Original GitHub issue: https://github.com/open-webui/open-webui/issues/19512

Title: Regression: 'NoneType' object has no attribute 'encode' with SentenceTransformers embedding Qwen/Qwen3-Embedding-0.6B in v0.6.40 (works in v0.6.38)

Summary

After upgrading Open WebUI from v0.6.38 to v0.6.40, Knowledge Base ingestion / RAG embedding fails with:

AttributeError: 'NoneType' object has no attribute 'encode'

Same environment and configuration works on v0.6.38.

Environment

  • Host OS: Windows (Docker Desktop)
  • Open WebUI: v0.6.40 (broken), v0.6.38 (works)
  • Deployment: docker-compose
  • Vector DB: pgvector (pgvector/pgvector:pg17)
  • Document extraction: Docling (quay.io/docling-project/docling-serve:latest)
  • Embedding model: Qwen/Qwen3-Embedding-0.6B (SentenceTransformers / local)
  • Data volume (persistent): D:\Dev_Tools\OpenWebUI -> /app/backend/data

Steps to Reproduce

  1. Run stack with persistent volume for /app/backend/data.
  2. Configure RAG to use SentenceTransformers embedding model:
    • Embedding model: Qwen/Qwen3-Embedding-0.6B
    • Embedding engine: Default (SentenceTransformers)
  3. Upload a document to Knowledge / Knowledge Base and trigger embedding.
  4. Observe Open WebUI backend logs.

Expected Behavior

Embeddings are generated and stored in pgvector, document ingestion completes (as in v0.6.38).

Actual Behavior (v0.6.40)

Document embedding fails with:
AttributeError: 'NoneType' object has no attribute 'encode'

Traceback points to retrieval embedding path calling embedding_function.encode(...) where embedding_function is None.

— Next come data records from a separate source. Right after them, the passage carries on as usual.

lemma (in prob_space) integral_PiM_sum_centred_square:
  fixes h :: "'a \<Rightarrow> real" and a :: "'i \<Rightarrow> real"
  assumes "finite I"
    and h: "integrable M h" "integrable M (\<lambda>t. (h t)\<^sup>2)" "(\<integral>t. h t \<partial>M) = 0"
  shows "integrable (PiM I (\<lambda>_. M)) (\<lambda>\<xi>. (\<Sum>i\<in>I. a i * h (\<xi> i))\<^sup>2)"
    and "(\<integral>\<xi>. (\<Sum>i\<in>I. a i * h (\<xi> i))\<^sup>2 \<partial>PiM I (\<lambda>_. M)) =
      (\<integral>t. (h t)\<^sup>2 \<partial>M) * (\<Sum>i\<in>I. (a i)\<^sup>2)"
proof -
  let ?P = "PiM I (\<lambda>_. M)"
  have hh: "integrable M (\<lambda>t. h t * h t)"
    using h(2) by (simp add: power2_eq_square)
  have square: "(\<Sum>i\<in>I. a i * h (\<xi> i))\<^sup>2 = (\<Sum>i\<in>I. \<Sum>j\<in>I. a i * a j * (h (\<xi> i) * h (\<xi> j)))" for \<xi>
    by (simp add: power2_eq_square sum_product algebra_simps)
  have int: "integrable ?P (\<lambda>\<xi>. h (\<xi> i) * h (\<xi> j))"
    and cov: "(\<integral>\<xi>. h (\<xi> i) * h (\<xi> j) \<partial>?P) = (if i = j then (\<integral>t. (h t)\<^sup>2 \<partial>M) else 0)"
    if "i \<in> I" "j \<in> I" for i j
    using integral_PiM_component_product[OF assms(1) that h(1) h(1) hh] h(3)
    by (simp_all add: power2_eq_square)
  have "(\<integral>\<xi>. (\<Sum>i\<in>I. \<Sum>j\<in>I. a i * a j * (h (\<xi> i) * h (\<xi> j))) \<partial>?P) =
      (\<Sum>i\<in>I. \<Sum>j\<in>I. a i * a j * (if i = j then (\<integral>t. (h t)\<^sup>2 \<partial>M) else 0))"
    using int cov by (simp add: Bochner_Integration.integral_sum Bochner_Integration.integrable_sum)
  also have "\<dots> = (\<integral>t. (h t)\<^sup>2 \<partial>M) * (\<Sum>i\<in>I. (a i)\<^sup>2)"
    using assms(1)
    by (simp add: sum_distrib_left power2_eq_square if_distrib[of "(*) _"] algebra_simps cong: if_cong)
  finally show "(\<integral>\<xi>. (\<Sum>i\<in>I. a i * h (\<xi> i))\<^sup>2 \<partial>?P) = (\<integral>t. (h t)\<^sup>2 \<partial>M) * (\<Sum>i\<in>I. (a i)\<^sup>2)"
    by (simp add: square)
  show "integrable ?P (\<lambda>\<xi>. (\<Sum>i\<in>I. a i * h (\<xi> i))\<^sup>2)"
    using int by (simp add: square)
qed

lemma (in prob_space) integral_abs_PiM_sum_centred_le:
  fixes h :: "'a \<Rightarrow> real" and a :: "'i \<Rightarrow> real"
  assumes "finite I"
    and h: "integrable M h" "integrable M (\<lambda>t. (h t)\<^sup>2)" "(\<integral>t. h t \<partial>M) = 0"
  shows "integrable (PiM I (\<lambda>_. M)) (\<lambda>\<xi>. \<Sum>i\<in>I. a i * h (\<xi> i))"
    and "(\<integral>\<xi>. \<bar>\<Sum>i\<in>I. a i * h (\<xi> i)\<bar> \<partial>PiM I (\<lambda>_. M)) \<le>
      sqrt ((\<integral>t. (h t)\<^sup>2 \<partial>M) * (\<Sum>i\<in>I. (a i)\<^sup>2))"
proof -
  let ?P = "PiM I (\<lambda>_. M)" and ?Y = "\<lambda>\<xi>. \<Sum>i\<in>I. a i * h (\<xi> i)"
  interpret P: prob_space ?P
    by (rule prob_space_PiM) (rule prob_space_axioms)
  note square = integral_PiM_sum_centred_square[OF assms, of a]
  have "?Y \<in> borel_measurable ?P"
    using h(1) by measurable
  then show Y: "integrable ?P ?Y"
    using square(1) by (rule P.square_integrable_imp_integrable)
  have "(\<integral>\<xi>. \<bar>?Y \<xi>\<bar> \<partial>?P)\<^sup>2 \<le> (\<integral>\<xi>. \<bar>?Y \<xi>\<bar>\<^sup>2 \<partial>?P)"
    using Y square(1) by (intro P.jensens_inequality[where I=UNIV]) (auto simp: convex_power2)
  then show "(\<integral>\<xi>. \<bar>?Y \<xi>\<bar> \<partial>?P) \<le> sqrt ((\<integral>t. (h t)\<^sup>2 \<partial>M) * (\<Sum>i\<in>I. (a i)\<^sup>2))"
    by (simp add: square(2) real_le_rsqrt)
qed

Evidence: model works inside the container

Inside the running openwebui container:

  • Python 3.11
  • SentenceTransformers successfully loads the model and encode() works:

from sentence_transformers import SentenceTransformer
m = SentenceTransformer("Qwen/Qwen3-Embedding-0.6B")
print("dim:", m.get_sentence_embedding_dimension()) # dim: 1024
print(m.encode(["ping"]).shape) # (1, 1024)

So the model + cache are valid; the failure is likely Open WebUI embedding initialization / config handling.

Notes / Observations

  • v0.6.38: works with the same setup
  • v0.6.40: fails consistently
  • OpenWebUI PersistentConfig is stored in SQLite (webui.db) and includes JSON under config.data.rag.
  • In my webui.db, rag.embedding_model is set to "Qwen/Qwen3-Embedding-0.6B".
  • Re-saving embedding settings in UI + reindex did not resolve the issue in v0.6.40.

Stack trace (excerpt)

File "/app/backend/open_webui/retrieval/utils.py", line 792, in
lambda query, prefix=None: embedding_function.encode(
^^^^^^^^^^^^^^^^^^^^^^
AttributeError: 'NoneType' object has no attribute 'encode'

Regression

  • v0.6.38: OK
  • v0.6.40: broken

Suspected Cause

Regression in get_embedding_function() / RAG config loading: embedding_function becomes None even though the SentenceTransformer model is loadable. Possibly incorrect handling of Default/SentenceTransformers embedding engine when loaded from persisted config.

Request

Please advise what changed between v0.6.38 and v0.6.40 in embedding initialization, and/or provide a fix/workaround for SentenceTransformers embedding models (specifically Qwen/Qwen3-Embedding-0.6B) so embedding_function is always initialized (not None).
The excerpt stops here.